Moving forward, India must extricate itself from this unstable equilibrium and view education within a larger human capital framework. In the upcoming decade, India’s education sector must focus on both scale and substance, addressing the learning problem at a system-wide level, while also recalibrating the raison d’etre of the education system itself.

 

Topic:  Effect of policies and politics of developed and developing countries on India’s interests, Indian diaspora. Important International institutions, agencies and fora- their structure, mandate.

4. At the moment, India is one of the few countries which have major interest in international seaborne trade. In the backdrop of such a situation critically examine the role played by India in the International Maritime Organization (IMO). (250 words)

Reference: The Hindu

Why this question:

The article presents a detailed analysis of case of a maritime presence adrift.

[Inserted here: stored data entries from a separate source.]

lemma predecessor_separating_pair:
  assumes "card (predecessors E v z) = 2" and y: "y \<in> predecessors E v z" "y' \<in> predecessors E v z"
    and distinct: "predecessors E v y \<noteq> predecessors E v y'"
  obtains u u' x where "predecessors E v z = {u, u'}"
    "x \<in> predecessors E v u" "x \<notin> predecessors E v u'"
proof -
  have "y \<noteq> y'" using distinct by blast
  then have "{y, y'} \<subseteq> predecessors E v z" "card {y, y'} = 2" using y by auto
  then have z: "predecessors E v z = {y, y'}"
    using assms(1) by (metis card_subset_eq finite)
  from distinct obtain x where "x \<in> predecessors E v y \<and> x \<notin> predecessors E v y'
      \<or> x \<in> predecessors E v y' \<and> x \<notin> predecessors E v y" by blast
  then show thesis
    using that[of y y' x] that[of y' y x] z by (auto simp: insert_commute)
qed

lemma unique_common_neighbour_of_predecessor_chain:
  assumes conn: "connected_graph E" and z: "predecessors E v z = {y, y'}"
    and x: "x \<in> predecessors E v y" "x \<notin> predecessors E v y'"
  shows "x \<noteq> z" "\<not> E x z" "E x y" "E y z" "\<And>k. E x k \<Longrightarrow> E k z \<Longrightarrow> k = y"
proof -
  have y: "gdist E v x + 1 = gdist E v y" "gdist E v y + 1 = gdist E v z" "E x y" "E y z"
    using x(1) z by (auto simp: predecessors_def)
  then show "x \<noteq> z" "E x y" "E y z" by auto
  show "\<not> E x z" using gdist_adjacent_le[OF conn, of x z v] y by auto
  fix k assume k: "E x k" "E k z"
  then have "gdist E v x + 1 = gdist E v k"
    using gdist_adjacent_le[OF conn, of x k v] gdist_adjacent_le[OF conn, of k z v] y by auto
  then have "x \<in> predecessors E v k" "k \<in> predecessors E v z"
    using k y by (auto simp: predecessors_def)
  with x(2) z show "k = y" by auto
qed
text \<open>We write \<open>\<alpha> b a\<close> for \<open>\<alpha>_b(a)\<close>
  and \<open>\<beta> b a\<close> for \<open>\<beta>^a(b)\<close>, i.e. both maps take their arguments in the order
  \<open>B \<times> A\<close>, as in the paper.\<close>

definition knitted_pair ::
  "('a, 'm) monoid_scheme \<Rightarrow> ('b, 'n) monoid_scheme \<Rightarrow>
   ('b \<Rightarrow> 'a \<Rightarrow> 'a) \<Rightarrow> ('b \<Rightarrow> 'a \<Rightarrow> 'b) \<Rightarrow> bool" where
  "knitted_pair A B \<alpha> \<beta> \<longleftrightarrow>
     (\<forall>b\<in>carrier B. bij_betw (\<alpha> b) (carrier A) (carrier A)) \<and>
     (\<forall>b1\<in>carrier B. \<forall>b2\<in>carrier B. \<forall>a\<in>carrier A.
        \<alpha> b1 (\<alpha> b2 a) = \<alpha> (b1 \<otimes>\<^bsub>B\<^esub> b2) a) \<and>
     (\<forall>a\<in>carrier A. \<alpha> \<one>\<^bsub>B\<^esub> a = a) \<and>
     (\<forall>a\<in>carrier A. bij_betw (\<lambda>b. \<beta> b a) (carrier B) (carrier B)) \<and>
     (\<forall>a1\<in>carrier A. \<forall>a2\<in>carrier A. \<forall>b\<in>carrier B.
        \<beta> (\<beta> b a2) a1 = \<beta> b (a2 \<otimes>\<^bsub>A\<^esub> a1)) \<and>
     (\<forall>b\<in>carrier B. \<beta> b \<one>\<^bsub>A\<^esub> = b) \<and>
     (\<forall>b\<in>carrier B. \<forall>a1\<in>carrier A. \<forall>a2\<in>carrier A.
        \<alpha> b (a1 \<otimes>\<^bsub>A\<^esub> a2) = \<alpha> b a1 \<otimes>\<^bsub>A\<^esub> \<alpha> (\<beta> b a1) a2) \<and>
     (\<forall>a\<in>carrier A. \<forall>b1\<in>carrier B. \<forall>b2\<in>carrier B.
        \<beta> (b1 \<otimes>\<^bsub>B\<^esub> b2) a = \<beta> b1 (\<alpha> b2 a) \<otimes>\<^bsub>B\<^esub> \<beta> b2 a)"

definition knit_prod ::
  "('a, 'm) monoid_scheme \<Rightarrow> ('b, 'n) monoid_scheme \<Rightarrow>
   ('b \<Rightarrow> 'a \<Rightarrow> 'a) \<Rightarrow> ('b \<Rightarrow> 'a \<Rightarrow> 'b) \<Rightarrow> ('a \<times> 'b) monoid" where
  "knit_prod A B \<alpha> \<beta> =
     \<lparr> carrier = carrier A \<times> carrier B,
       mult = (\<lambda>(a1, b1) (a2, b2). (a1 \<otimes>\<^bsub>A\<^esub> \<alpha> b1 a2, \<beta> b1 a2 \<otimes>\<^bsub>B\<^esub> b2)),
       one = (\<one>\<^bsub>A\<^esub>, \<one>\<^bsub>B\<^esub>) \<rparr>"

end

theory Submission
  imports Defs
begin

text \<open>The map \<open>\<Phi>\<close> factors as \<open>\<Phi>(a, b) = F(a) H(b)\<close> in the target knit product, with
  \<open>F(a) = (f(a), \<psi>(a))\<close> and \<open>H(b) = (\<phi>(b), g(b))\<close>. Conditions (f) and (g) say precisely that
  \<open>F\<close> and \<open>H\<close> are homomorphisms, and (h) is the exchange law
  \<open>F(\<alpha>\<^sub>b(a)) H(\<beta>\<^sup>a(b)) = H(b) F(a)\<close>. Since \<open>(a, b) = (a, e)(e, b)\<close> and
  \<open>(e, b)(a, e) = (\<alpha>\<^sub>b(a), \<beta>\<^sup>a(b))\<close>, these are exactly the relations needed for
  \<open>(a, b) \<mapsto> F(a) H(b)\<close> to be multiplicative on any knit product.
  If \<open>f\<close> and \<open>g\<close> are homomorphisms, the alternative hypotheses turn (g) into
  \<open>f(a\<^sub>1 a\<^sub>2) = f(a\<^sub>1) f(a\<^sub>2)\<close> and \<open>g(b\<^sub>1 b\<^sub>2) = g(b\<^sub>1) g(b\<^sub>2)\<close>.\<close>

lemma knitted_pair_alpha_closed:
  assumes "knitted_pair A B \<alpha> \<beta>" "b \<in> carrier B" "a \<in> carrier A"
  shows "\<alpha> b a \<in> carrier A"
  using assms unfolding knitted_pair_def by (meson bij_betw_apply)

lemma knitted_pair_beta_closed:
  assumes "knitted_pair A B \<alpha> \<beta>" "b \<in> carrier B" "a \<in> carrier A"
  shows "\<beta> b a \<in> carrier B"
  using assms unfolding knitted_pair_def by (meson bij_betw_apply)

lemma knitted_pair_alpha_comp:
  assumes "knitted_pair A B \<alpha> \<beta>" "b1 \<in> carrier B" "b2 \<in> carrier B" "a \<in> carrier A"
  shows "\<alpha> b1 (\<alpha> b2 a) = \<alpha> (b1 \<otimes>\<^bsub>B\<^esub> b2) a"
  using assms unfolding knitted_pair_def by blast

lemma knitted_pair_beta_comp:
  assumes "knitted_pair A B \<alpha> \<beta>" "a1 \<in> carrier A" "a2 \<in> carrier A" "b \<in> carrier B"
  shows "\<beta> (\<beta> b a2) a1 = \<beta> b (a2 \<otimes>\<^bsub>A\<^esub> a1)"
  using assms unfolding knitted_pair_def by blast

lemma knitted_pair_alpha_unit:
  assumes "knitted_pair A B \<alpha> \<beta>" "a \<in> carrier A"
  shows "\<alpha> \<one>\<^bsub>B\<^esub> a = a"
  using assms unfolding knitted_pair_def by blast

lemma knitted_pair_beta_unit:
  assumes "knitted_pair A B \<alpha> \<beta>" "b \<in> carrier B"
  shows "\<beta> b \<one>\<^bsub>A\<^esub> = b"
  using assms unfolding knitted_pair_def by blast

lemma knitted_pair_alpha_mult:
  assumes "knitted_pair A B \<alpha> \<beta>" "b \<in> carrier B" "a1 \<in> carrier A" "a2 \<in> carrier A"
  shows "\<alpha> b (a1 \<otimes>\<^bsub>A\<^esub> a2) = \<alpha> b a1 \<otimes>\<^bsub>A\<^esub> \<alpha> (\<beta> b a1) a2"
  using assms unfolding knitted_pair_def by blast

Key demand of the question:

The answer must discuss the role India has to play in International Maritime Organization (IMO) as a key player that is seeking to enhance its interest in international seaborne trade.

Directive:

Critically examine – When asked to ‘Examine’, we have to look into the topic (content words) in detail, inspect it, investigate it and establish the key facts and issues related to the topic in question. While doing so we should explain why these facts and issues are important and their implications. When ‘critically’ is suffixed or prefixed to a directive, one needs to look at the good and bad of the topic and give a fair judgment.

Structure of the answer:

Introduction:

Briefly explain the importance of IMO.

Body:

Discuss in detail the India’s negligible presence and interventions in the International Maritime Organization, which is affecting its interests. Argue that it’s high time that India should regain its status as a major maritime power. Highlight the inadequate presence and interventions of India in the organization. Discuss the recent decisions in this direction.

Conclusion:

Conclude by reasserting the prospects of key role that India needs to take in the organization.

Introduction:

The International Maritime Organization (IMO), the United Nations agency tasked with regulating shipping, had mandated that merchant ships should not burn fuel with sulphur content greater than 0.5% beginning January 1. India’s negligible presence and interventions in the International Maritime Organization is affecting its interests.

Body:

International Maritime Organization(IMO):

  • The International Maritime Organization(IMO) is a specialized agency of the United Nations (UN).
  • It is a global standard-setting authority with responsibility to improve the safety and security of international shipping and prevention of marine and atmospheric pollution by ships.
  • The IMO currently has 174 member states and three associate members; there are also scores of non-governmental and inter-governmental organisations.
  • The IMO, like any other UN agency, is primarily a secretariat, which facilitates decision-making processes on all maritime matters through meetings of member states. The binding instruments are brought in through the conventions — to which member states sign on to for compliance — as well as amendments to the same and related codes.
  • Structurally, maritime matters are dealt by the committees of the IMO — the Maritime Safety Committee (MSC), Marine Environment Protection Committee (MEPC), Technical Cooperation Committee, Legal Committee and the Facilitation Committee.
  • Each committee is designated a separate aspect of shipping and supported by sub-committees. Working groups and correspondence groups support the subcommittees.
  • The subcommittees are the main working organs, where the proposals from a member state are parsed before they are forwarded to one of the main committees.
  • The main committees, thereafter, with the nod of the Assembly, put the approved proposal for enactment through the Convention, amendments, and codes or circulars.
  • Prominent maritime nations have their permanent representatives at London and are supported by a large contingent during the meetings. They ensure that they have representation in every subcommittee, working group and even correspondence groups so that they are clued in.
  • Shipping, which accounts for over 90% by volume and about 80% by value of global trade, is a highly regulated industry with a range of legislation promulgated by the IMO.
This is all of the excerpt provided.